lemma det_stable_near:
  fixes M :: "real mat"
  assumes M: "M \<in> carrier_mat n n" and "det M \<noteq> 0"
  obtains e where "e > 0"
    and "\<And>N. N \<in> carrier_mat n n \<Longrightarrow> (\<And>i j. i < n \<Longrightarrow> j < n \<Longrightarrow> \<bar>N $$ (i, j) - M $$ (i, j)\<bar> \<le> e) \<Longrightarrow>
           \<bar>det M\<bar> / 2 \<le> \<bar>det N\<bar>"
proof -
  define C where "C = 1 + (\<Sum>i<n. \<Sum>j<n. \<bar>M $$ (i, j)\<bar>)"
  define K where "K = fact n * (real n * C ^ (n - 1))"
  define e where "e = min 1 (\<bar>det M\<bar> / (2 * (K + 1)))"
  have "C \<ge> 1" unfolding C_def by (simp add: sum_nonneg)
  then have "K \<ge> 0" by (simp add: K_def)
  have M_bound: "\<bar>M $$ (i, j)\<bar> \<le> C - 1" if "i < n" "j < n" for i j
  proof -
    have "\<bar>M $$ (i, j)\<bar> \<le> (\<Sum>j<n. \<bar>M $$ (i, j)\<bar>)"
      using that by (intro member_le_sum) auto
    also have "\<dots> \<le> (\<Sum>i<n. \<Sum>j<n. \<bar>M $$ (i, j)\<bar>)"
      using that by (intro member_le_sum[where f = "\<lambda>i. \<Sum>j<n. \<bar>M $$ (i, j)\<bar>"]) (auto intro: sum_nonneg)
    finally show ?thesis by (simp add: C_def)
  qed
  show ?thesis
  proof
    show "e > 0" using \<open>det M \<noteq> 0\<close> \<open>K \<ge> 0\<close> by (simp add: e_def)
    fix N assume N: "N \<in> carrier_mat n n"
      and close: "\<And>i j. i < n \<Longrightarrow> j < n \<Longrightarrow> \<bar>N $$ (i, j) - M $$ (i, j)\<bar> \<le> e"
    have "e \<le> 1" by (simp add: e_def)
    have "\<bar>det N - det M\<bar> \<le> fact n * (real n * C ^ (n - 1) * e)"
    proof (rule abs_det_diff_le[OF M N])
      fix i j assume ij: "i < n" "j < n"
      show "\<bar>N $$ (i, j) - M $$ (i, j)\<bar> \<le> e" using close[OF ij] .
      show "\<bar>M $$ (i, j)\<bar> \<le> C" using M_bound[OF ij] by linarith
      have "\<bar>N $$ (i, j)\<bar> \<le> \<bar>N $$ (i, j) - M $$ (i, j)\<bar> + \<bar>M $$ (i, j)\<bar>"
        using abs_triangle_ineq[of "N $$ (i, j) - M $$ (i, j)" "M $$ (i, j)"] by simp
      then show "\<bar>N $$ (i, j)\<bar> \<le> C" using M_bound[OF ij] close[OF ij] \<open>e \<le> 1\<close> by linarith
    qed
    also have "\<dots> = K * e" by (simp add: K_def)
    also have "\<dots> \<le> (K + 1) * (\<bar>det M\<bar> / (2 * (K + 1)))"
      using \<open>K \<ge> 0\<close> \<open>e > 0\<close> by (intro mult_mono) (auto simp: e_def)
    also have "\<dots> = \<bar>det M\<bar> / 2" using \<open>K \<ge> 0\<close> by (simp add: field_simps add_nonneg_pos)
    finally show "\<bar>det M\<bar> / 2 \<le> \<bar>det N\<bar>" by linarith
  qed
qed

lemma det_two_valued_mat_neq_0:
  fixes a b :: real
  assumes "a \<noteq> b" and "a + (real n - 1) * b \<noteq> 0"
  shows "det (mat n n (\<lambda>(i, j). if i = j then a else b)) \<noteq> 0"
proof
  let ?M = "mat n n (\<lambda>(i, j). if i = j then a else b)"
  assume "det ?M = 0"
  then obtain v where v: "v \<in> carrier_vec n" "v \<noteq> 0\<^sub>v n" "?M *\<^sub>v v = 0\<^sub>v n"
    using det_0_iff_vec_prod_zero[of ?M n] by auto
  define s where "s = (\<Sum>j<n. v $ j)"
  have row: "(a - b) * v $ i + b * s = 0" if "i < n" for i
  proof -
    have "0 = (?M *\<^sub>v v) $ i" using v(3) that by simp
    also have "\<dots> = (\<Sum>j<n. b * v $ j + (if i = j then (a - b) * v $ j else 0))"
      using that v(1) by (simp add: scalar_prod_def atLeast0LessThan) (rule sum.cong; auto simp: algebra_simps)
    also have "\<dots> = b * s + (a - b) * v $ i"
      using that by (simp add: sum.distrib sum_distrib_left s_def)
    finally show ?thesis by simp
  qed
  have "(a + (real n - 1) * b) * s = (a - b) * s + real n * (b * s)"
    by (simp add: algebra_simps)
  also have "\<dots> = (\<Sum>i<n. (a - b) * v $ i + b * s)"
    by (simp add: sum.distrib sum_distrib_left s_def)
  also have "\<dots> = 0"
    using row by simp
  finally have "s = 0" using assms(2) by simp
  then have "v $ i = 0" if "i < n" for i
    using row[OF that] assms(1) by simp
  then have "v = 0\<^sub>v n" using v(1) by (intro eq_vecI) auto
  with v(2) show False by simp
qed

definition Amat_limit :: "nat \<Rightarrow> real mat" where
  "Amat_limit n = mat n n (\<lambda>(i, j). if i = j then 2/9 else 4/9)"

definition Amat_scaled :: "nat set \<Rightarrow> real mat" where
  "Amat_scaled S = (1 / real (Max S) ^ 3) \<cdot>\<^sub>m Amat S"

lemma det_Amat_limit_neq_0: "det (Amat_limit n) \<noteq> 0"
  unfolding Amat_limit_def
proof (rule det_two_valued_mat_neq_0)
  have "n = 0 \<or> real n \<ge> 1" by (cases n) auto
  then show "2/9 + (real n - 1) * (4/9) \<noteq> (0 :: real)" by (auto simp: field_simps)
qed simp

lemma Vset_Max_pos:
  assumes "S \<in> Vset nu r" and "nu > 0"
  shows "Max S > 0"
proof -
  have "finite S" "card S = nu" "\<forall>j\<in>S. 0 < j"
    using assms(1) unfolding Vset_def mem_Collect_eq by blast+
  then have "Max S \<in> S" using assms(2) by (intro Max_in) auto
  then show ?thesis using \<open>\<forall>j\<in>S. 0 < j\<close> by blast
qed

lemma Amat_carrier:
  assumes "S \<in> Vset nu r"
  shows "Amat S \<in> carrier_mat nu nu"
proof -
  have "card S = nu" using assms by (simp add: Vset_def)
  then show ?thesis by (simp add: Amat_def Let_def)
qed

lemma abs_det_Amat:
  assumes "S \<in> Vset nu r" and "nu > 0"
  shows "\<bar>det (Amat S)\<bar> = real (Max S) ^ (3 * nu) * \<bar>det (Amat_scaled S)\<bar>"
  using Vset_Max_pos[OF assms] Amat_carrier[OF assms(1)] unfolding Amat_scaled_def
  by (simp add: det_smult abs_mult power_mult power_one_over)

lemma Amat_scaled_near_limit:
  assumes "e > 0" and "nu > 0"
  obtains r0 where "r0 > 0"
    and "\<And>r S a b. 0 < r \<Longrightarrow> r \<le> r0 \<Longrightarrow> S \<in> Vset nu r \<Longrightarrow> a < nu \<Longrightarrow> b < nu \<Longrightarrow>
           \<bar>Amat_scaled S $$ (a, b) - Amat_limit nu $$ (a, b)\<bar> \<le> e"
proof -
  obtain \<delta> where "\<delta> > 0" and near: "\<And>j k J. 0 < j \<Longrightarrow> 0 < J \<Longrightarrow> \<bar>real j / J - 1\<bar> < \<delta> \<Longrightarrow>
      \<bar>real k / J - 1\<bar> < \<delta> \<Longrightarrow> 1 / J < \<delta> \<Longrightarrow> \<bar>Aentry j k / J^3 - (if j = k then 2/9 else 4/9)\<bar> < e"
    using Aentry_asymptotics[OF assms(1)] by blast
  show ?thesis
  proof (rule that[of "\<delta> / 2"])
    show "\<delta> / 2 > 0" using \<open>\<delta> > 0\<close> by simp
    fix r S a b
    assume r: "0 < r" "r \<le> \<delta> / 2" and S: "S \<in> Vset nu r" and ab: "a < nu" "b < nu"
    from S have fin: "finite S" and card: "card S = nu" and pos: "\<forall>j\<in>S. 0 < j"
      and Min: "real (Min S) > 1 / r" and close: "\<forall>j\<in>S. \<bar>real j / real (Max S) - 1\<bar> \<le> r"
      unfolding Vset_def mem_Collect_eq by blast+
    define J where "J = real (Max S)"
    have "J > 0" using Vset_Max_pos[OF S assms(2)] by (simp add: J_def)
    have "S \<noteq> {}" using card assms(2) by auto
    then have "real (Min S) \<le> J" using fin by (simp add: J_def)
    then have "1 / r < J" using Min by linarith
    then have "1 / J < r" using r \<open>J > 0\<close> by (simp add: field_simps)
    then have "1 / J < \<delta>" using r by linarith
    define xs where "xs = sorted_list_of_set S"
    have xs: "length xs = nu" "distinct xs" "set xs = S" using fin card by (simp_all add: xs_def)
    have in_S: "xs ! a \<in> S" "xs ! b \<in> S" using xs ab nth_mem by blast+
    then have "\<bar>real (xs ! a) / J - 1\<bar> < \<delta>" "\<bar>real (xs ! b) / J - 1\<bar> < \<delta>"
      using close r \<open>\<delta> > 0\<close> unfolding J_def by fastforce+
    then have "\<bar>Aentry (xs ! a) (xs ! b) / J^3 - (if xs ! a = xs ! b then 2/9 else 4/9)\<bar> < e"
      using near[OF _ \<open>J > 0\<close> _ _ \<open>1 / J < \<delta>\<close>] in_S(1) pos by blast
    moreover have "xs ! a = xs ! b \<longleftrightarrow> a = b" using xs ab by (simp add: nth_eq_iff_index_eq)
    moreover have "Amat_scaled S $$ (a, b) = Aentry (xs ! a) (xs ! b) / J^3"
      using ab card by (simp add: Amat_scaled_def Amat_def Let_def xs_def J_def)
    ultimately show "\<bar>Amat_scaled S $$ (a, b) - Amat_limit nu $$ (a, b)\<bar> \<le> e"
      using ab by (simp add: Amat_limit_def)
  qed
qed

theorem lemma4p1:
  fixes nu :: nat
  assumes "nu \<ge> 2"
  shows "\<exists>r0 > 0. \<exists>c > 0. \<forall>r S. 0 < r \<and> r \<le> r0 \<and> S \<in> Vset nu r \<longrightarrow>
           \<bar>det (Amat S)\<bar> \<ge> c * real (Max S) ^ (3 * nu)"
proof -
  let ?c = "\<bar>det (Amat_limit nu)\<bar> / 2"
  have "nu > 0" using assms by simp
  have "Amat_limit nu \<in> carrier_mat nu nu" by (simp add: Amat_limit_def)
  then obtain e where "e > 0" and stable: "\<And>N. N \<in> carrier_mat nu nu \<Longrightarrow>
      (\<And>i j. i < nu \<Longrightarrow> j < nu \<Longrightarrow> \<bar>N $$ (i, j) - Amat_limit nu $$ (i, j)\<bar> \<le> e) \<Longrightarrow> ?c \<le> \<bar>det N\<bar>"
    using det_stable_near det_Amat_limit_neq_0 by blast
  obtain r0 where "r0 > 0" and near: "\<And>r S i j. 0 < r \<Longrightarrow> r \<le> r0 \<Longrightarrow> S \<in> Vset nu r \<Longrightarrow>
      i < nu \<Longrightarrow> j < nu \<Longrightarrow> \<bar>Amat_scaled S $$ (i, j) - Amat_limit nu $$ (i, j)\<bar> \<le> e"
    using Amat_scaled_near_limit[OF \<open>e > 0\<close> \<open>nu > 0\<close>] by blast
  have "?c * real (Max S) ^ (3 * nu) \<le> \<bar>det (Amat S)\<bar>" if "0 < r" "r \<le> r0" "S \<in> Vset nu r" for r S
  proof -
    have "Amat_scaled S \<in> carrier_mat nu nu"
      unfolding Amat_scaled_def using Amat_carrier[OF that(3)] by simp
    then have "?c \<le> \<bar>det (Amat_scaled S)\<bar>"
      using stable near[OF that] by blast
    then have "?c * real (Max S) ^ (3 * nu) \<le> \<bar>det (Amat_scaled S)\<bar> * real (Max S) ^ (3 * nu)"
      by (rule mult_right_mono) simp
    then show ?thesis
      unfolding abs_det_Amat[OF that(3) \<open>nu > 0\<close>] by (metis mult.commute)
  qed
  moreover have "?c > 0" using det_Amat_limit_neq_0 by simp
  ultimately show ?thesis using \<open>r0 > 0\<close> by blast
qed

end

+ + +

◆ **TASK DIRECTIONS**
Out of the listing above, reproduce exactly the lines from the one with "1\<close> by linarith" up to and including the one with "using \<open>K \<ge> 0\<close> \<open>e".

◆ **FINISHED TASK**
      then show "\<bar>N $$ (i, j)\<bar> \<le> C" using M_bound[OF ij] close[OF ij] \<open>e \<le> 1\<close> by linarith
    qed
    also have "\<dots> = K * e" by (simp add: K_def)
    also have "\<dots> \<le> (K + 1) * (\<bar>det M\<bar> / (2 * (K + 1)))"
      using \<open>K \<ge> 0\<close> \<open>e > 0\<close> by (intro mult_mono) (auto simp: e_def)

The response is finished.